PROBLEM DETAILS: Reproduce only the stretch of entries below that begins at the first line and ends at the line holding "using L e unfolding".

Recorded data:

lemma window_long_run_imp_cesaro_limit:
  assumes W: "window_bound U" and L: "long_run_lower_bound U"
  shows "cesaro_limit U"
  unfolding uniform_limit_iff dist_real_def
proof (intro allI impI)
  fix e :: real assume e: "e > 0"
  obtain A where A: "\<And>z a L. z \<in> K \<Longrightarrow> a \<ge> 0 \<Longrightarrow> L \<ge> 0 \<Longrightarrow>
      payoff (indicator {a..a+L}) z \<le> L * (U (z 0) + e/2) + A"
    using W e unfolding window_bound_def by (meson half_gt_zero)
  obtain T0 where T0: "\<And>T \<omega>. T \<ge> T0 \<Longrightarrow> \<exists>z\<in>K. z 0 = \<omega> \<and> T * (U \<omega> - e/2) \<le> payoff (indicator {0..T}) z"
    using L e unfolding long_run_lower_bound_def by (meson half_gt_zero)
  have "\<forall>\<^sub>F T in at_top. \<forall>\<omega>. \<bar>V (varpi T) \<omega> - U \<omega>\<bar> < e"
    unfolding eventually_at_top_linorder
  proof (intro exI[of _ "max (max T0 1) (2 * \<bar>A\<bar> / e + 1)"] allI impI)
    fix T \<omega> assume T: "max (max T0 1) (2 * \<bar>A\<bar> / e + 1) \<le> (T::real)"
    then have Tpos: "T > 0" and TT0: "T \<ge> T0" and TA: "T > 2 * \<bar>A\<bar> / e" by auto
    have AT: "A / T < e / 2"
    proof -
      have "2 * \<bar>A\<bar> < e * T" using TA e by (simp add: field_simps)
      then show ?thesis using Tpos by (simp add: field_simps)
    qed
    have up: "V (varpi T) \<omega> \<le> U \<omega> + e/2 + A / T"
    proof (rule val_le)
      fix z assume z: "z \<in> K" "z 0 = \<omega>"
      have "payoff (indicator {0..T}) z \<le> T * (U \<omega> + e/2) + A"
        using A[OF z(1), of 0 T] Tpos z(2) by simp
      then have "(1/T) * payoff (indicator {0..T}) z \<le> (1/T) * (T * (U \<omega> + e/2) + A)"
        using Tpos by (intro mult_left_mono) auto
      then show "payoff (weight (varpi T)) z \<le> U \<omega> + e / 2 + A / T"
        using Tpos payoff_varpi[OF Tpos, of z] by (simp add: field_simps)
    qed
    obtain z where z: "z \<in> K" "z 0 = \<omega>" "T * (U \<omega> - e/2) \<le> payoff (indicator {0..T}) z"
      using T0[OF TT0] by blast
    have "U \<omega> - e/2 \<le> (1/T) * payoff (indicator {0..T}) z"
      using z(3) Tpos by (simp add: field_simps)
    also have "\<dots> = payoff (weight (varpi T)) z" using payoff_varpi[OF Tpos] by simp
    also have "\<dots> \<le> V (varpi T) \<omega>" using payoff_le_val[OF varpi_in_densities[OF Tpos] z(1)] z(2) by simp
    finally show "\<bar>V (varpi T) \<omega> - U \<omega>\<bar> < e" using up AT e by linarith
  qed
  then show "\<forall>\<^sub>F T in at_top. \<forall>\<omega>\<in>UNIV. \<bar>V (varpi T) \<omega> - U \<omega>\<bar> < e" by simp
qed

subsection \<open>Limits for rescaled densities\<close>

lemma window_payoff_lower:
  assumes A: "\<And>a L. a \<ge> 0 \<Longrightarrow> L \<ge> 0 \<Longrightarrow> payoff (indicator {a..a+L}) z \<le> L * (u + e) + A"
    and z: "z \<in> K" and ab: "0 \<le> a" "a \<le> b" "b \<le> H" and e: "e \<ge> 0" and u: "u \<ge> 0"
    and H: "H * (u - e) \<le> payoff (indicator {0..H}) z"
  shows "(b - a) * u - 2 * e * H - 2 * A \<le> payoff (indicator {a..b}) z"
proof -
  have "payoff (indicator {0..H}) z \<le> payoff (\<lambda>t. indicator {0..a} t + indicator {a..b} t + indicator {b..H} t) z"
  proof (rule payoff_mono[OF _ _ z])
    show "integrable lebesgue (indicator {0..H} :: real \<Rightarrow> real)" using integral_indicator_atLeastAtMost ab by auto
    show "integrable lebesgue (\<lambda>t. indicator {0..a} t + indicator {a..b} t + indicator {b..H} t :: real)"
      using integral_indicator_atLeastAtMost ab by auto
    fix t :: real show "(indicator {0..H} t :: real) \<le> indicator {0..a} t + indicator {a..b} t + indicator {b..H} t"
      using ab by (auto simp: indicator_def)
  qed
  also have "\<dots> = payoff (indicator {0..a}) z + payoff (indicator {a..b}) z + payoff (indicator {b..H}) z"
    using integral_indicator_atLeastAtMost ab by (simp add: payoff_add z)
  finally have split: "payoff (indicator {0..H}) z \<le> payoff (indicator {0..a}) z + payoff (indicator {a..b}) z + payoff (indicator {b..H}) z" .
  have head: "payoff (indicator {0..a}) z \<le> a * (u + e) + A" using A[of 0 a] ab by simp
  have tail: "payoff (indicator {b..H}) z \<le> (H - b) * (u + e) + A" using A[of b "H - b"] ab by simp
  have "(b - a) * u - 2 * e * H - 2 * A \<le> H * (u - e) - a * (u + e) - (H - b) * (u + e) - 2 * A"
    using ab e by (simp add: algebra_simps mult_right_mono)
  also have "\<dots> \<le> payoff (indicator {a..b}) z" using split head tail H by linarith
  finally show ?thesis .
qed

lemma payoff_rescale_diff_le:
  assumes mu: "\<mu> \<in> densities" and h: "integrable lebesgue h" and l: "l > 0" and z: "z \<in> K"
  shows "\<bar>payoff (weight (rho_scale \<mu> l)) z - payoff (\<lambda>t. l * h (l * t)) z\<bar>
    \<le> integral\<^sup>L lebesgue (\<lambda>t. \<bar>weight \<mu> t - h t\<bar>)"
proof -
  have "\<bar>payoff (weight (rho_scale \<mu> l)) z - payoff (\<lambda>t. l * h (l * t)) z\<bar>
      \<le> integral\<^sup>L lebesgue (\<lambda>t. \<bar>weight (rho_scale \<mu> l) t - l * h (l * t)\<bar>)"
    using integrable_weight[OF rho_scale_in_densities[OF mu l]] integral_rescale(1)[OF l h] z
    by (rule payoff_diff_abs_le)
  also have "(\<lambda>t. \<bar>weight (rho_scale \<mu> l) t - l * h (l * t)\<bar>) = (\<lambda>t. l * \<bar>weight \<mu> (l * t) - h (l * t)\<bar>)"
    using l by (simp add: weight_rho_scale fun_eq_iff right_diff_distrib[symmetric] abs_mult)
  also have "integral\<^sup>L lebesgue \<dots> = integral\<^sup>L lebesgue (\<lambda>t. \<bar>weight \<mu> t - h t\<bar>)"
    using mu h by (intro integral_rescale(2)[OF l]) (simp add: integrable_weight)
  finally show ?thesis .
qed

lemma payoff_rescaled_step_fun:
  assumes ok: "step_data n a b c lo hi" and l: "l > 0" and z: "z \<in> K"
  shows "payoff (\<lambda>t. l * step_fun n a b c (l * t)) z
    = (\<Sum>i<n. (l * c i) * payoff (indicator {a i / l..b i / l}) z)"
proof -
  have "a i / l \<le> b i / l" if "i < n" for i
    using ok that l by (auto simp: step_data_def divide_right_mono)
  then have "payoff (\<lambda>t. l * step_fun n a b c (l * t)) z
      = (\<Sum>i<n. payoff (\<lambda>t. (l * c i) * indicator {a i / l..b i / l} t) z)"
    unfolding step_fun_rescale[OF l] using integral_indicator_atLeastAtMost
    by (intro payoff_sum z) auto
  then show ?thesis by (simp only: payoff_cmult)
qed

lemma payoff_rescaled_step_fun_le:
  assumes ok: "step_data n a b c 0 Lb" and l: "l > 0" and z: "z \<in> K"
    and A: "\<And>a L. 0 \<le> a \<Longrightarrow> 0 \<le> L \<Longrightarrow> payoff (indicator {a..a+L}) z \<le> L * u + A"
  shows "payoff (\<lambda>t. l * step_fun n a b c (l * t)) z
    \<le> (\<Sum>i<n. c i * (b i - a i)) * u + l * A * (\<Sum>i<n. c i)"
proof -
  have "(l * c i) * payoff (indicator {a i / l..b i / l}) z \<le> c i * (b i - a i) * u + l * c i * A"
    if i: "i < n" for i
  proof -
    have abc: "0 \<le> a i" "a i \<le> b i" "0 \<le> c i" using ok i by (auto simp: step_data_def)
    have "payoff (indicator {a i / l..a i / l + (b i - a i) / l}) z \<le> (b i - a i) / l * u + A"
      using abc l by (intro A) auto
    moreover have "a i / l + (b i - a i) / l = b i / l" by (simp add: diff_divide_distrib)
    ultimately have "(l * c i) * payoff (indicator {a i / l..b i / l}) z
        \<le> (l * c i) * ((b i - a i) / l * u + A)"
      using abc l by (intro mult_left_mono) auto
    also have "\<dots> = c i * (b i - a i) * u + l * c i * A"
      using l by (simp add: field_simps)
    finally show ?thesis .
  qed
  then have "payoff (\<lambda>t. l * step_fun n a b c (l * t)) z \<le> (\<Sum>i<n. c i * (b i - a i) * u + l * c i * A)"
    unfolding payoff_rescaled_step_fun[OF ok l z] by (intro sum_mono) simp
  also have "\<dots> = (\<Sum>i<n. c i * (b i - a i)) * u + l * A * (\<Sum>i<n. c i)"
    by (simp add: sum.distrib sum_distrib_left sum_distrib_right mult_ac)
  finally show ?thesis .
qed

lemma payoff_rescaled_step_fun_ge:
  assumes ok: "step_data n a b c 0 Lb" and l: "l > 0" and z: "z \<in> K"
    and A: "\<And>a L. 0 \<le> a \<Longrightarrow> 0 \<le> L \<Longrightarrow> payoff (indicator {a..a+L}) z \<le> L * (u + \<epsilon>) + A"
    and \<epsilon>: "0 \<le> \<epsilon>" and u: "0 \<le> u"
    and H: "Lb / l * (u - \<epsilon>) \<le> payoff (indicator {0..Lb / l}) z"
  shows "(\<Sum>i<n. c i * (b i - a i)) * u - (\<Sum>i<n. c i) * (2 * \<epsilon> * Lb + 2 * l * A)
    \<le> payoff (\<lambda>t. l * step_fun n a b c (l * t)) z"
proof -
  have "c i * (b i - a i) * u - c i * (2 * \<epsilon> * Lb + 2 * l * A)
      \<le> (l * c i) * payoff (indicator {a i / l..b i / l}) z" if i: "i < n" for i
  proof -
    have abc: "0 \<le> a i" "a i \<le> b i" "b i \<le> Lb" "0 \<le> c i" using ok i by (auto simp: step_data_def)
    have "(b i / l - a i / l) * u - 2 * \<epsilon> * (Lb / l) - 2 * A \<le> payoff (indicator {a i / l..b i / l}) z"
      using abc l \<epsilon> u H by (intro window_payoff_lower[OF A z]) (auto simp: divide_right_mono)
    then have "(l * c i) * ((b i / l - a i / l) * u - 2 * \<epsilon> * (Lb / l) - 2 * A)
        \<le> (l * c i) * payoff (indicator {a i / l..b i / l}) z"
      using abc l by (intro mult_left_mono) auto
    moreover have "(l * c i) * ((b i / l - a i / l) * u - 2 * \<epsilon> * (Lb / l) - 2 * A)
        = c i * (b i - a i) * u - c i * (2 * \<epsilon> * Lb + 2 * l * A)"
      using l by (simp add: field_simps)
    ultimately show ?thesis by simp
  qed
  then have "(\<Sum>i<n. c i * (b i - a i) * u - c i * (2 * \<epsilon> * Lb + 2 * l * A))
      \<le> payoff (\<lambda>t. l * step_fun n a b c (l * t)) z"
    unfolding payoff_rescaled_step_fun[OF ok l z] by (intro sum_mono) simp
  moreover have "(\<Sum>i<n. c i * (b i - a i) * u - c i * (2 * \<epsilon> * Lb + 2 * l * A))
      = (\<Sum>i<n. c i * (b i - a i)) * u - (\<Sum>i<n. c i) * (2 * \<epsilon> * Lb + 2 * l * A)"
    by (simp add: sum_subtractf sum_distrib_left sum_distrib_right mult_ac)
  ultimately show ?thesis by simp
qed

lemma val_rho_scale_le:
  assumes mu: "\<mu> \<in> densities" and ok: "step_data n a b c 0 Lb" and l: "l > 0"
    and A: "\<And>z a L. z \<in> K \<Longrightarrow> 0 \<le> a \<Longrightarrow> 0 \<le> L \<Longrightarrow>
      payoff (indicator {a..a+L}) z \<le> L * (U (z 0) + \<epsilon>) + A"
  shows "V (rho_scale \<mu> l) \<omega> \<le> (\<Sum>i<n. c i * (b i - a i)) * (U \<omega> + \<epsilon>) + l * A * (\<Sum>i<n. c i)
    + integral\<^sup>L lebesgue (\<lambda>t. \<bar>weight \<mu> t - step_fun n a b c t\<bar>)"
proof (rule val_le)
  fix z assume z: "z \<in> K" "z 0 = \<omega>"
  have "payoff (\<lambda>t. l * step_fun n a b c (l * t)) z
      \<le> (\<Sum>i<n. c i * (b i - a i)) * (U \<omega> + \<epsilon>) + l * A * (\<Sum>i<n. c i)"
    using A[OF z(1)] z(2) by (intro payoff_rescaled_step_fun_le[OF ok l z(1)]) auto
  then show "payoff (weight (rho_scale \<mu> l)) z \<le> (\<Sum>i<n. c i * (b i - a i)) * (U \<omega> + \<epsilon>)
      + l * A * (\<Sum>i<n. c i) + integral\<^sup>L lebesgue (\<lambda>t. \<bar>weight \<mu> t - step_fun n a b c t\<bar>)"
    using payoff_rescale_diff_le[OF mu step_fun_integral(1)[OF ok] l z(1)] by linarith
qed

lemma val_rho_scale_ge:
  assumes mu: "\<mu> \<in> densities" and ok: "step_data n a b c 0 Lb" and l: "l > 0"
    and A: "\<And>z a L. z \<in> K \<Longrightarrow> 0 \<le> a \<Longrightarrow> 0 \<le> L \<Longrightarrow>
      payoff (indicator {a..a+L}) z \<le> L * (U (z 0) + \<epsilon>) + A"
    and \<epsilon>: "0 \<le> \<epsilon>" and U: "0 \<le> U \<omega>"
    and z: "z \<in> K" "z 0 = \<omega>" "Lb / l * (U \<omega> - \<epsilon>) \<le> payoff (indicator {0..Lb / l}) z"
  shows "(\<Sum>i<n. c i * (b i - a i)) * U \<omega> - (\<Sum>i<n. c i) * (2 * \<epsilon> * Lb + 2 * l * A)
    - integral\<^sup>L lebesgue (\<lambda>t. \<bar>weight \<mu> t - step_fun n a b c t\<bar>) \<le> V (rho_scale \<mu> l) \<omega>"
proof -
  have "(\<Sum>i<n. c i * (b i - a i)) * U \<omega> - (\<Sum>i<n. c i) * (2 * \<epsilon> * Lb + 2 * l * A)
      \<le> payoff (\<lambda>t. l * step_fun n a b c (l * t)) z"
    using A[OF z(1)] z \<epsilon> U by (intro payoff_rescaled_step_fun_ge[OF ok l z(1)]) auto
  moreover have "payoff (weight (rho_scale \<mu> l)) z \<le> V (rho_scale \<mu> l) \<omega>"
    using payoff_le_val[OF rho_scale_in_densities[OF mu l] z(1)] z(2) by simp
  ultimately show ?thesis
    using payoff_rescale_diff_le[OF mu step_fun_integral(1)[OF ok] l z(1)] by linarith
qed
text \<open>The vectors D_S(X), D_S(Y) differ
iff some coordinate s \<in> S differs.\<close>
definition solid_resolving :: "'a set \<Rightarrow> ('a \<Rightarrow> 'a \<Rightarrow> bool) \<Rightarrow> nat \<Rightarrow> 'a set \<Rightarrow> bool" where
  "solid_resolving V E l S \<longleftrightarrow> S \<subseteq> V \<and>
     (\<forall>X Y. X \<subseteq> V \<and> Y \<subseteq> V \<and> X \<noteq> {} \<and> Y \<noteq> {} \<and> card X \<le> l \<and> X \<noteq> Y \<longrightarrow>
        (\<exists>s\<in>S. set_dist V E s X \<noteq> set_dist V E s Y))"

definition solid_metric_dim :: "'a set \<Rightarrow> ('a \<Rightarrow> 'a \<Rightarrow> bool) \<Rightarrow> nat \<Rightarrow> nat" where
  "solid_metric_dim V E l = (LEAST k. \<exists>S. solid_resolving V E l S \<and> card S = k)"

definition graph_iso :: "'a set \<Rightarrow> ('a \<Rightarrow> 'a \<Rightarrow> bool) \<Rightarrow> 'b set \<Rightarrow> ('b \<Rightarrow> 'b \<Rightarrow> bool) \<Rightarrow> bool" where
  "graph_iso V E W F \<longleftrightarrow> (\<exists>f. bij_betw f V W \<and> (\<forall>x\<in>V. \<forall>y\<in>V. E x y \<longleftrightarrow> F (f x) (f y)))"

definition star_vertices :: "nat \<Rightarrow> nat set" where
  "star_vertices m = {0..m}"

definition star_edge :: "nat \<Rightarrow> nat \<Rightarrow> nat \<Rightarrow> bool" where
  "star_edge m x y \<longleftrightarrow> x \<le> m \<and> y \<le> m \<and> ((x = 0 \<and> y \<noteq> 0) \<or> (y = 0 \<and> x \<noteq> 0))"

end

theory Submission
  imports Defs
begin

WRITTEN RESPONSE:
lemma window_long_run_imp_cesaro_limit:
  assumes W: "window_bound U" and L: "long_run_lower_bound U"
  shows "cesaro_limit U"
  unfolding uniform_limit_iff dist_real_def
proof (intro allI impI)
  fix e :: real assume e: "e > 0"
  obtain A where A: "\<And>z a L. z \<in> K \<Longrightarrow> a \<ge> 0 \<Longrightarrow> L \<ge> 0 \<Longrightarrow>
      payoff (indicator {a..a+L}) z \<le> L * (U (z 0) + e/2) + A"
    using W e unfolding window_bound_def by (meson half_gt_zero)
  obtain T0 where T0: "\<And>T \<omega>. T \<ge> T0 \<Longrightarrow> \<exists>z\<in>K. z 0 = \<omega> \<and> T * (U \<omega> - e/2) \<le> payoff (indicator {0..T}) z"
    using L e unfolding long_run_lower_bound_def by (meson half_gt_zero)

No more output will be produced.